Joshua said to the people, 'Shout; for the LORD has given you the city. And the city and all that is within it shall be devoted to the LORD for destruction ... But all silver and gold, and vessels of bronze and iron, are sacred to the LORD; they shall go into the treasury of the LORD.' ... Then they utterly destroyed all in the city, both men and women, young and old, oxen, sheep, and asses, with the edge of the sword ... And they burned the city with fire, and all within it; only the silver and gold, and the vessels of bronze and of iron, they put into the treasury of the house of the LORD.

Tamarin then asked the children a simple moral question: 'Do you think Joshua and the Israelites acted rightly or not?' They had to choose between A (total approval), B (partial approval) and C (total disapproval). The results were polarized: 66 per cent gave total approval and 26 per cent total disapproval, with rather fewer (8 per cent) in the middle with partial approval. Here are three typical answers from the total approval (A) group:

In my opinion Joshua and the Sons of Israel acted well, and here are the reasons: God promised them this land, and gave them permission to conquer. If they would not have acted in this manner or killed anyone, then there would be the danger that the Sons of Israel would have assimilated among the Goyim.

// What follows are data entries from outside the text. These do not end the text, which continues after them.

lemma idempotent_if_neutral_on:
  fixes U :: "real \<Rightarrow> real \<Rightarrow> real"
  assumes cont: "continuous_on (A \<times> A) (\<lambda>(x, y). U x y)" and "closed A" "T \<subseteq> A"
    and p: "p \<in> closure T" and neutral: "\<And>x. x \<in> T \<Longrightarrow> U x p = x"
  shows "U p p = p"
proof -
  have closure_T: "closure T \<subseteq> A"
    using closure_minimal[OF assms(3,2)] .
  with p have "p \<in> A"
    by blast
  then have "continuous_on A (\<lambda>x. (\<lambda>(x, y). U x y) (x, p))"
    by (intro continuous_on_compose2[OF cont]) (auto intro: continuous_intros)
  then have "continuous_on (closure T) (\<lambda>x. U x p)"
    using closure_T by (simp add: continuous_on_subset)
  then have "continuous_on (closure T) (\<lambda>x. U x p - x)"
    by (intro continuous_intros)
  then have "U p p - p = 0"
    using continuous_constant_on_closure[of T "\<lambda>x. U x p - x" 0] neutral p by auto
  then show ?thesis
    by simp
qed

lemma is_ordinal_sum_middle_neutral:
  assumes "is_ordinal_sum U e K a b c d Uk ek" "k \<in> K"
    and "x \<in> {a k..d k} - {b k..c k}" "y \<in> {b k..c k}"
  shows "U x y = x"
proof -
  have "\<forall>k\<in>K. \<forall>x\<in>{a k..d k} - {b k..c k}. \<forall>y\<in>{b k..c k}. U x y = x \<and> U y x = x"
    using assms(1) unfolding is_ordinal_sum_def Let_def by (elim conjE) assumption
  then show ?thesis
    using assms(2-4) by blast
qed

In my opinion Joshua was right when he did it, one reason being that God commanded him to exterminate the people so that the tribes of Israel will not be able to assimilate amongst them and learn their bad ways.

Joshua did good because the people who inhabited the land were of a different religion, and when Joshua killed them he wiped their religion from the earth.

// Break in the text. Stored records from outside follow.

(* Let $T>0$, $\rho>0$, and let $a,b:[0,\infty)\to[0,\infty)$ and $\mathfrak n$ satisfy: $a,b\in\mathcal C^0([0,\infty))\cap\mathcal C^1(0,\infty)$; $a',b'$ bounded on $(1,\infty)$; $a(x)>0$ for $x>0$ and $1/a\in L^1(0,1)$; $\Phi:=b/a$ has a limit $\Phi_0$ at $0^+$ with $\Phi_0<\rho$ and $\Phi'\in L^1(0,1)$; $\mathfrak n$ is nonnegative and continuous on $[\Phi_0,\infty)$. Let $u^{\rm in}\in(\Phi_0,\rho]$ and $\delta>0$ with $2\delta<u^{\rm in}-\Phi_0$, and let $\mathcal B_\delta([0,T))$ be the set of continuous $u:[0,T)\to[0,\rho]$ with $u(0)=u^{\rm in}$ and $\Phi_0+\delta\le u(t)\le\rho$ for all $t\in[0,T)$. For $u\in\mathcal B_\delta([0,T))$ and $x>0$, let $s\mapsto X(s;0,x)$ denote the solution on $[0,T)$ of $\partial_sX(s;0,x)=a(X(s;0,x))u(s)-b(X(s;0,x))$, $X(0;0,x)=x$. Let $\{u^n\}\subset\mathcal B_\delta([0,T))$ converge uniformly to $u$, with corresponding characteristics $X^n$. Then for each $x>0$, $X^n(\cdot;0,x)$ converges uniformly to $X(\cdot;0,x)$ on $[0,T)$ as $n\to\infty$.
   Context: For such $u$ the characteristic $X(\cdot;0,x)$ exists, is unique and stays in $(0,\infty)$ on the whole interval $[0,T)$. *)

theory Defs
  imports "HOL-Analysis.Analysis"
begin

definition Bdelta :: "real \<Rightarrow> real \<Rightarrow> real \<Rightarrow> real \<Rightarrow> real \<Rightarrow> (real \<Rightarrow> real) set" where
  "Bdelta T \<rho> uin \<Phi>0 \<delta> = {u. continuous_on {0..<T} u \<and> u 0 = uin \<and>
      (\<forall>t\<in>{0..<T}. 0 \<le> u t \<and> \<Phi>0 + \<delta> \<le> u t \<and> u t \<le> \<rho>)}"

definition is_characteristic ::
  "(real \<Rightarrow> real) \<Rightarrow> (real \<Rightarrow> real) \<Rightarrow> real \<Rightarrow> (real \<Rightarrow> real) \<Rightarrow> real \<Rightarrow> (real \<Rightarrow> real) \<Rightarrow> bool" where
  "is_characteristic a b T u x X \<longleftrightarrow> X 0 = x \<and>
     (\<forall>s\<in>{0..<T}. 0 < X s \<and>
        (X has_real_derivative (a (X s) * u s - b (X s))) (at s within {0..<T}))"

end

theory Submission
  imports Defs
begin

text \<open>Since every admissible control is at least \<Phi>0 + \<delta> and b/a tends to \<Phi>0 at 0, the drift
  a(y) u - b(y) is positive for small y > 0, so all characteristics from x stay above a common
  m > 0; the linear growth of a and Gronwall's inequality give a common upper bound M. On [m, M]
  the coefficients are Lipschitz, so a Gronwall estimate bounds the distance between two
  characteristics by a constant times sup |u_n - u|.\<close>

lemma deriv_nonpos_imp_le_start:
  fixes g g' :: "real \<Rightarrow> real"
  assumes deriv: "\<forall>s\<in>{0..<T}. (g has_real_derivative g' s) (at s within {0..<T})"
    and nonpos: "\<forall>s\<in>{0..<T}. g' s \<le> 0" and t: "t \<in> {0..<T}"
  shows "g t \<le> g 0"
proof (rule DERIV_nonpos_imp_decreasing_open[of 0 t])
  show "0 \<le> t" using t by simp
  show "continuous_on {0..t} g"
    using DERIV_continuous_on[of "{0..<T}" g g'] deriv t
    by (auto elim!: continuous_on_subset)
  fix s assume s: "0 < s" "s < t"
  have "at s within {0..<T} = at s"
    using s t by (intro at_within_interior) auto
  then show "\<exists>y. (g has_real_derivative y) (at s) \<and> y \<le> 0"
    using deriv nonpos s t by (metis atLeastLessThan_iff less_eq_real_def less_trans)
qed

lemma gronwall_linear:
  fixes Y Y' :: "real \<Rightarrow> real"
  assumes deriv: "\<forall>s\<in>{0..<T}. (Y has_real_derivative Y' s) (at s within {0..<T})"
    and growth: "\<forall>s\<in>{0..<T}. Y' s \<le> K * (Y s + c)" and t: "t \<in> {0..<T}"
  shows "Y t + c \<le> (Y 0 + c) * exp (K * t)"
proof -
  let ?g = "\<lambda>s. (Y s + c) * exp (- K * s)"
  have "?g t \<le> ?g 0"
  proof (rule deriv_nonpos_imp_le_start[OF _ _ t])
    show "\<forall>s\<in>{0..<T}. (?g has_real_derivative (Y' s - K * (Y s + c)) * exp (- K * s))
        (at s within {0..<T})"
      using deriv by (auto intro!: derivative_eq_intros simp: algebra_simps)
    show "\<forall>s\<in>{0..<T}. (Y' s - K * (Y s + c)) * exp (- K * s) \<le> 0"
      using growth by (simp add: mult_nonpos_nonneg)
  qed
  then have "(Y t + c) * exp (- K * t) * exp (K * t) \<le> (Y 0 + c) * exp (K * t)"
    by (simp add: mult_right_mono)
  then show ?thesis by (simp add: mult.assoc flip: exp_add)
qed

The justification for the genocidal massacre by Joshua is religious in every case. Even those in category C, who gave total disapproval, did so, in some cases, for backhanded religious reasons. One girl, for example, disapproved of Joshua's conquering Jericho because, in order to do so, he had to enter it:

I think it is bad, since the Arabs are impure and if one enters an impure land one will also become impure and share their curse.

Two others who totally disapproved did so because Joshua destroyed everything, including animals and property, instead of keeping some as spoil for the Israelites:

I think Joshua did not act well, as they could have spared the animals for themselves.

I think Joshua did not act well, as he could have left the property of Jericho; if he had not destroyed the property it would have belonged to the Israelites.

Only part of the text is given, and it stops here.